WORK INSTRUCTION
Go through the material and return every line that contains the string "obtain".

*** Begin section ***

lemma sem_Seq_move_down:
  assumes sem_c: "sem c = threaded R"
    and len: "\<And>k a b. (a, b) \<in> R k \<Longrightarrow> length b = m"
  shows "sem (Seq (Par c (wires n)) (Par (move_down m) (wires n)))
         = {(k # a @ x, b @ k # x) | k a b x. (a, b) \<in> R k \<and> length x = n}"
    (is "_ = ?rhs")
proof (intro set_eqI iffI)
  fix z assume "z \<in> sem (Seq (Par c (wires n)) (Par (move_down m) (wires n)))"
  then obtain k a b x k' b' x' where "z = (k # a @ x, b' @ k' # x')" and ab: "(a, b) \<in> R k"
    and "k # b @ x = k' # b' @ x'" "length b' = m" "length x = n"
    unfolding sem.simps(18) sem_Par_threaded_wires[OF sem_c] sem_Par_move_down_wires by blast
  moreover have "length b = m" using len ab .
  ultimately show "z \<in> ?rhs" by auto
next
  fix z assume "z \<in> ?rhs"
  then obtain k a b x where "z = (k # a @ x, b @ k # x)" "(a, b) \<in> R k" "length x = n"
    by blast
  moreover from this have "(k # a @ x, k # b @ x) \<in> sem (Par c (wires n))"
    and "(k # b @ x, b @ k # x) \<in> sem (Par (move_down m) (wires n))"
    unfolding sem_Par_threaded_wires[OF sem_c] sem_Par_move_down_wires using len by blast+
  ultimately show "z \<in> sem (Seq (Par c (wires n)) (Par (move_down m) (wires n)))"
    unfolding sem.simps(18) by blast
qed

lemma sem_Seq_move_up:
  assumes sem_d: "sem d = threaded S"
    and len: "\<And>k a b. (a, b) \<in> S k \<Longrightarrow> length b = m'"
  shows "sem (Seq (Par (wires m) d) (Par (move_up m) (wires m')))
         = {(y @ k # a, k # y @ b) | k a b y. (a, b) \<in> S k \<and> length y = m}"
    (is "_ = ?rhs")
proof (intro set_eqI iffI)
  fix z assume "z \<in> sem (Seq (Par (wires m) d) (Par (move_up m) (wires m')))"
  then obtain k a b y k' y' x' where "z = (y @ k # a, k' # y' @ x')" "(a, b) \<in> S k"
    and "length y = m" "y @ k # b = y' @ k' # x'" "length y' = m"
    unfolding sem.simps(18) sem_Par_wires_threaded[OF sem_d] sem_Par_move_up_wires by blast
  then show "z \<in> ?rhs" by auto
next
  fix z assume "z \<in> ?rhs"
  then obtain k a b y where "z = (y @ k # a, k # y @ b)" "(a, b) \<in> S k" "length y = m"
    by blast
  moreover from this have "(y @ k # a, y @ k # b) \<in> sem (Par (wires m) d)"
    and "(y @ k # b, k # y @ b) \<in> sem (Par (move_up m) (wires m'))"
    unfolding sem_Par_wires_threaded[OF sem_d] sem_Par_move_up_wires using len by blast+
  ultimately show "z \<in> sem (Seq (Par (wires m) d) (Par (move_up m) (wires m')))"
    unfolding sem.simps(18) by blast
qed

*** End section ***

RESULT OF THIS EXERCISE
  then obtain k a b x k' b' x' where "z = (k # a @ x, b' @ k' # x')" and ab: "(a, b) \<in> R k"
  then obtain k a b x where "z = (k # a @ x, b @ k # x)" "(a, b) \<in> R k" "length x = n"
  then obtain k a b y k' y' x' where "z = (y @ k # a, k' # y' @ x')" "(a, b) \<in> S k"
  then obtain k a b y where "z = (y @ k # a, k # y @ b)" "(a, b) \<in> S k" "length y = m"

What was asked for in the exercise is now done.